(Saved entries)
------------------------

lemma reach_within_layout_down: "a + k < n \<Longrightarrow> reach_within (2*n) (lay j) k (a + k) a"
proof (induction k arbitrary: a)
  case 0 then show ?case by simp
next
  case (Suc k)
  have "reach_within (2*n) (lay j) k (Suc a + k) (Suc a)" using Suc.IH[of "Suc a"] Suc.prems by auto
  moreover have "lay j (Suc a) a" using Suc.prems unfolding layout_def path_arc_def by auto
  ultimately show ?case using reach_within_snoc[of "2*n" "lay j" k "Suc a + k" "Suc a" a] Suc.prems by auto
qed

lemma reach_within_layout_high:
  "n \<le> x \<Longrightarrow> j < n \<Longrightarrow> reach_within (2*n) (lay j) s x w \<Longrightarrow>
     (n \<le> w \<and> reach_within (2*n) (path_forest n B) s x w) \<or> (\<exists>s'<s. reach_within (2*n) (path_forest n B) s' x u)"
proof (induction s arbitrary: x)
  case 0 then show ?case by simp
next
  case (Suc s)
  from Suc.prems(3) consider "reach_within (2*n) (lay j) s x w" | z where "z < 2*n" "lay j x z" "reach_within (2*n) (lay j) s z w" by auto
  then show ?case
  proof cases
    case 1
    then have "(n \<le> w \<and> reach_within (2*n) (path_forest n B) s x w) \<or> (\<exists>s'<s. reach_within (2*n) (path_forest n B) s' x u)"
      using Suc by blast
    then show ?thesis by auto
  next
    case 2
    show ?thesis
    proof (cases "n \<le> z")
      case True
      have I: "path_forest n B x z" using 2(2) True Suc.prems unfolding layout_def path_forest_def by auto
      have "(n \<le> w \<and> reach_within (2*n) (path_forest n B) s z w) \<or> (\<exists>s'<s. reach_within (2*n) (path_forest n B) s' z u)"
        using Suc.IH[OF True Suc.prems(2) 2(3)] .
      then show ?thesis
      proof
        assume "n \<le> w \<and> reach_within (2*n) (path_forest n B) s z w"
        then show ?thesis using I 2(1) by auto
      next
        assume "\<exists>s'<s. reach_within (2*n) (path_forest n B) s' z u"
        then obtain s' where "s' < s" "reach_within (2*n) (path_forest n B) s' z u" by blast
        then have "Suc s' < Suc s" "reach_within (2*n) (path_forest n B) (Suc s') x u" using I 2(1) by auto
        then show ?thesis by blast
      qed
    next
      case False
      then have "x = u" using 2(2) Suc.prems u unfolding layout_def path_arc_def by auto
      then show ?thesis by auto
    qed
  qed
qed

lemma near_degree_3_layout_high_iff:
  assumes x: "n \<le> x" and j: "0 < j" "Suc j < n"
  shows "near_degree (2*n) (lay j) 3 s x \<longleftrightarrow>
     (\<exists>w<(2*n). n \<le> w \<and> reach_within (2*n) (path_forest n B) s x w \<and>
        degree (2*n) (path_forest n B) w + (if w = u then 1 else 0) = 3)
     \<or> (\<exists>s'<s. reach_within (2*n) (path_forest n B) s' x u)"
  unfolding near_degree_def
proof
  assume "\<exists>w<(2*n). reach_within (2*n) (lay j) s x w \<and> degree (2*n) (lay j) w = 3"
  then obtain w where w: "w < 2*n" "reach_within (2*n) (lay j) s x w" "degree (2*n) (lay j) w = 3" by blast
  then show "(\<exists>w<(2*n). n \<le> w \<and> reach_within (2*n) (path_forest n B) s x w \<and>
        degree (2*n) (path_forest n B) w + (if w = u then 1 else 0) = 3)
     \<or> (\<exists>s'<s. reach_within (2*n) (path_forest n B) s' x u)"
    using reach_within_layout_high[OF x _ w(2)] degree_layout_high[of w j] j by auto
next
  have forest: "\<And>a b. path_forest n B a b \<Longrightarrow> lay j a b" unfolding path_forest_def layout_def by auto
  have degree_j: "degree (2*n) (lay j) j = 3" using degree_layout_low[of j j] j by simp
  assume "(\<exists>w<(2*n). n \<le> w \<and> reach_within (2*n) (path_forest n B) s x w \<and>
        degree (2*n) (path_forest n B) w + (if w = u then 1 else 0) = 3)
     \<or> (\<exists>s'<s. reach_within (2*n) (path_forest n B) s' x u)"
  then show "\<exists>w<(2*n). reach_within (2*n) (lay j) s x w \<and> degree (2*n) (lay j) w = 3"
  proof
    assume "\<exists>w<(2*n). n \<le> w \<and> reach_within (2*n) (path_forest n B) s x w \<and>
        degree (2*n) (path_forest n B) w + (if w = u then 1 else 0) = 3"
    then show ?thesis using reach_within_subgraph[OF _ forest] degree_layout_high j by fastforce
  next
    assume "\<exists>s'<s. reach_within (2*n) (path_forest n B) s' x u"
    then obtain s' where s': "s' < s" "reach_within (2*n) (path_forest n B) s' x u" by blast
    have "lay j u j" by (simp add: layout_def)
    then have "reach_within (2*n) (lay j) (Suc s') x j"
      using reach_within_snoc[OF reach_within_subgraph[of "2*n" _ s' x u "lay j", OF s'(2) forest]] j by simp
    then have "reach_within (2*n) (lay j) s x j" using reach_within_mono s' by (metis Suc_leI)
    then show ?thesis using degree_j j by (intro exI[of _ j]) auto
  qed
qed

------------------------

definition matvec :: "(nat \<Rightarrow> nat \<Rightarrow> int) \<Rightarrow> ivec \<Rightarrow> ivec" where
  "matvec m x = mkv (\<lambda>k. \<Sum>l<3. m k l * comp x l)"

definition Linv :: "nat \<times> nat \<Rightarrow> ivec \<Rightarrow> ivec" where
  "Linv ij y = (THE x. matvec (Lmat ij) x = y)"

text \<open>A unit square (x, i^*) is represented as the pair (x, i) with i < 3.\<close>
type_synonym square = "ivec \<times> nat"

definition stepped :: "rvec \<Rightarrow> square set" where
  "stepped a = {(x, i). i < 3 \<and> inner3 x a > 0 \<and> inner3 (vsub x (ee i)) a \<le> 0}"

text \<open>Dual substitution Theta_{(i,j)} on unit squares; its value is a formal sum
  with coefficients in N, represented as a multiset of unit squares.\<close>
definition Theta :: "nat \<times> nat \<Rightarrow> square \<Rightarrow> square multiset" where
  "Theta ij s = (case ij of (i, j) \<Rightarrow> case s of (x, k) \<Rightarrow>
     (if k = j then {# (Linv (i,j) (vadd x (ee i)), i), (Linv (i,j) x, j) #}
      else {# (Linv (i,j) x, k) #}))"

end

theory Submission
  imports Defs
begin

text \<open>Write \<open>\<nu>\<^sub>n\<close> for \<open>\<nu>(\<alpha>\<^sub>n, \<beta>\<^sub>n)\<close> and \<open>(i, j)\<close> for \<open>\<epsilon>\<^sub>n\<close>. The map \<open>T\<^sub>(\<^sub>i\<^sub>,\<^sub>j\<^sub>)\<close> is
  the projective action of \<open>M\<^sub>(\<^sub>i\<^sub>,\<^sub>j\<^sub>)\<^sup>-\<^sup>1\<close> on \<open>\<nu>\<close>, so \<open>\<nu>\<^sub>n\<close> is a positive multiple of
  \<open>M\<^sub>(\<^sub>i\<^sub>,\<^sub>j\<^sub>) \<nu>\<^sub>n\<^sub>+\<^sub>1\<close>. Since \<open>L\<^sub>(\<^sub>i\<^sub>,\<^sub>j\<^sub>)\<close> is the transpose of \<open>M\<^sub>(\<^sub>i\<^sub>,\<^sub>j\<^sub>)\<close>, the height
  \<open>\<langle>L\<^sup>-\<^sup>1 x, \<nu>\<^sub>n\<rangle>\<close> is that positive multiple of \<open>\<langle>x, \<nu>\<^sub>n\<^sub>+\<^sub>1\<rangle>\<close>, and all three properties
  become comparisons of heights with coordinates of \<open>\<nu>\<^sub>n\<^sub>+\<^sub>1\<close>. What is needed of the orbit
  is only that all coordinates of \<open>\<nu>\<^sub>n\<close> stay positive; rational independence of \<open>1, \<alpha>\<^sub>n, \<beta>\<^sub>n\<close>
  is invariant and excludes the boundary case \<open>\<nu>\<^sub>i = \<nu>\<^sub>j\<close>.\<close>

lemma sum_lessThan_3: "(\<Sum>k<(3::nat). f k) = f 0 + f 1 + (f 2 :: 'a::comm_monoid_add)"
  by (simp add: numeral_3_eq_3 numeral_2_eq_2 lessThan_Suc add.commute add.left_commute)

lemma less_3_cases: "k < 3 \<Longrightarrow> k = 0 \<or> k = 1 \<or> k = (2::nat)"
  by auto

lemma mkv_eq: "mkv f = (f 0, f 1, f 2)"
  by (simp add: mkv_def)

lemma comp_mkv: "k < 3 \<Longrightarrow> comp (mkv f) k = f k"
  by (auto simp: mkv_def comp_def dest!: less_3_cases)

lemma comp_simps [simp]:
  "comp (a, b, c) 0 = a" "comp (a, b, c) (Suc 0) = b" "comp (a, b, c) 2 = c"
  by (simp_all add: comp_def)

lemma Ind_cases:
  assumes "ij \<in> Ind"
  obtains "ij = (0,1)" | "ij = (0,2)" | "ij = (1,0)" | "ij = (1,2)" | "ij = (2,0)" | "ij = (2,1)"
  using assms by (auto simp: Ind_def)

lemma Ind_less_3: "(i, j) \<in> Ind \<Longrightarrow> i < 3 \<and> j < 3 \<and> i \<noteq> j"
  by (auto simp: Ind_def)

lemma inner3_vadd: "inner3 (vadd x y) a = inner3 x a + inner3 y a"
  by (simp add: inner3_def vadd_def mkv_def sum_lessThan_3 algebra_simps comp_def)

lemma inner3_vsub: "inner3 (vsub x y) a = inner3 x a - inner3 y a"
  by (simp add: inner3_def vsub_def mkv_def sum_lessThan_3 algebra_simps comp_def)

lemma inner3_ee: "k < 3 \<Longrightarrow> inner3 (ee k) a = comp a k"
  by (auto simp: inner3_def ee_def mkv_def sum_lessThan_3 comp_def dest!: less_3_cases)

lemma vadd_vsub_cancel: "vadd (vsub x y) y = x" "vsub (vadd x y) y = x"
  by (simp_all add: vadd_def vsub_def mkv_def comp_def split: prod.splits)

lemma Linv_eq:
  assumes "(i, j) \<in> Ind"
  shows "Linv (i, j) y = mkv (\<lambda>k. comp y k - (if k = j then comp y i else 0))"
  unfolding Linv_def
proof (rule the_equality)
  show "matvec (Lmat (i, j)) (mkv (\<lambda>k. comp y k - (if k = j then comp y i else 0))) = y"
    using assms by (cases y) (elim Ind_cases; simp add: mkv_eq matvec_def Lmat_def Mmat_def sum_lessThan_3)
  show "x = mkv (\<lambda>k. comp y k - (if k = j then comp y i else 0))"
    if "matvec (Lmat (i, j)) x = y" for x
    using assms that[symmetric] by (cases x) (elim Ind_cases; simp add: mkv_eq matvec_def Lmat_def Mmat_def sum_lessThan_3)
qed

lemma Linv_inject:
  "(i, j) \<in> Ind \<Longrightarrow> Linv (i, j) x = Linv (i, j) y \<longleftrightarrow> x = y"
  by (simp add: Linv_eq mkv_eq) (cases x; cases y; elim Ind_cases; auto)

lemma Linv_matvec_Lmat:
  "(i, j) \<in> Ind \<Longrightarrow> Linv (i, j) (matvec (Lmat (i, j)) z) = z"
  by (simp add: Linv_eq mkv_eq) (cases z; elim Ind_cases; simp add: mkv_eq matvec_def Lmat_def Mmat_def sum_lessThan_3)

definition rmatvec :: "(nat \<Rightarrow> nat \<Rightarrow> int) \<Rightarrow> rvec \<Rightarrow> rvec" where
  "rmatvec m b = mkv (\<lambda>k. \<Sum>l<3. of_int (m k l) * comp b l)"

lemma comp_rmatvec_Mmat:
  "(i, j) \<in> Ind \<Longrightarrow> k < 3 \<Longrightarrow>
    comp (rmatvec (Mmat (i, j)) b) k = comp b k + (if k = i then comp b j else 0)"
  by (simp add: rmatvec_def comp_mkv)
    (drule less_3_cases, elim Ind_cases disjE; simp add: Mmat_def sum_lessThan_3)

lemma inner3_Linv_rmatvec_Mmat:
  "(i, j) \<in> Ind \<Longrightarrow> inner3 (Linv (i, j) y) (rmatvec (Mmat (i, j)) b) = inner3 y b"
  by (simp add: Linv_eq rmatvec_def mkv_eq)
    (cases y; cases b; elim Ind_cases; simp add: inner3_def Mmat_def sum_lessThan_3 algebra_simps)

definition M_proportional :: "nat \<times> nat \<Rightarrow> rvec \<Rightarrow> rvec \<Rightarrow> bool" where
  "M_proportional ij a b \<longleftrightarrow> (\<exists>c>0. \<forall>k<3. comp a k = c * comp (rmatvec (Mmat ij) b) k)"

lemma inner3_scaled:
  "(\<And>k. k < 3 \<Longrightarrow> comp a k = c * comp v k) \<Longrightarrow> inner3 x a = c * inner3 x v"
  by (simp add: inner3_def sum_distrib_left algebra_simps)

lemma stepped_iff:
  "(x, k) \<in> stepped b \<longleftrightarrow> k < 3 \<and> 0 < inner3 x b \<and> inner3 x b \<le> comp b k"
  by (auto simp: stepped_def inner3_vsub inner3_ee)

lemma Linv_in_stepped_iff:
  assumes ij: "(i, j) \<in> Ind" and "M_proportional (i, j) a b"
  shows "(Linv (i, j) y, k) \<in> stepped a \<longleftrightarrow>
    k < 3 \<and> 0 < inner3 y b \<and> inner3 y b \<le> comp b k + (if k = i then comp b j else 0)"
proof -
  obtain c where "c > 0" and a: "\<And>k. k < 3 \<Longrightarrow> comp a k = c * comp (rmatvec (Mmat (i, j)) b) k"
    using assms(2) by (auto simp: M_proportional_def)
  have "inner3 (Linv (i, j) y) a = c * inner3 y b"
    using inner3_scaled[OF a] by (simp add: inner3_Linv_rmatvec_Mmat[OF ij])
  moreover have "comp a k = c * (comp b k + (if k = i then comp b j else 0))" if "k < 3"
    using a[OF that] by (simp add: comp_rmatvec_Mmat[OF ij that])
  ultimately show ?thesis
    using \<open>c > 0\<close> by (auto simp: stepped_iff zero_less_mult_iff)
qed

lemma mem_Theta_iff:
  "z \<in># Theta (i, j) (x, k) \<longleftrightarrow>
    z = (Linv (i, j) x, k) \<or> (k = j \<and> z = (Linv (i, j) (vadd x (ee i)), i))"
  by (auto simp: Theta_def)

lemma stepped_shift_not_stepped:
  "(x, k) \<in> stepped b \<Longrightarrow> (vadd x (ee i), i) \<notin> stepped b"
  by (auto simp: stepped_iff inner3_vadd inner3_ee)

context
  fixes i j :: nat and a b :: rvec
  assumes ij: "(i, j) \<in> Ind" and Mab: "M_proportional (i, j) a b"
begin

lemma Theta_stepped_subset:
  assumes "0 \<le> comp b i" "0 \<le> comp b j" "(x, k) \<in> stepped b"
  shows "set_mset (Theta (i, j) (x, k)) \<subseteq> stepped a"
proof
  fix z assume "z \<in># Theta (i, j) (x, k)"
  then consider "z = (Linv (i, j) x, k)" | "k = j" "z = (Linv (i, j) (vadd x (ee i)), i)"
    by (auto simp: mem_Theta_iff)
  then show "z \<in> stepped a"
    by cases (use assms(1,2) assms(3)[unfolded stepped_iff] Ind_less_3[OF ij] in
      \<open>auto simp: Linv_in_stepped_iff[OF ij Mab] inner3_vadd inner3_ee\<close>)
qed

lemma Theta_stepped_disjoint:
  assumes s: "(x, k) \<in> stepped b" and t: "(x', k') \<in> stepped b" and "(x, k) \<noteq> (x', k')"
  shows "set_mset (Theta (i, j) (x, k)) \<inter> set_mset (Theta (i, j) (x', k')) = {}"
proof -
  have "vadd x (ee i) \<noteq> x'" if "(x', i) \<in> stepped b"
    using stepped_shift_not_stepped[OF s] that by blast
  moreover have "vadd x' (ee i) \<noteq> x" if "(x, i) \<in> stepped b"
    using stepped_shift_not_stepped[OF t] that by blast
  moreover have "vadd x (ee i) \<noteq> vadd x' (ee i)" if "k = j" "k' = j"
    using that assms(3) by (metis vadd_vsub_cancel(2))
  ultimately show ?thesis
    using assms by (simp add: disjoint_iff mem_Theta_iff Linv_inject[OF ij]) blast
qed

------------------------

▸ **Problem**: Report every line in the data that holds "squares", copying each one.

▸ **Expected output**:
text \<open>Dual substitution Theta_{(i,j)} on unit squares; its value is a formal sum
  with coefficients in N, represented as a multiset of unit squares.\<close>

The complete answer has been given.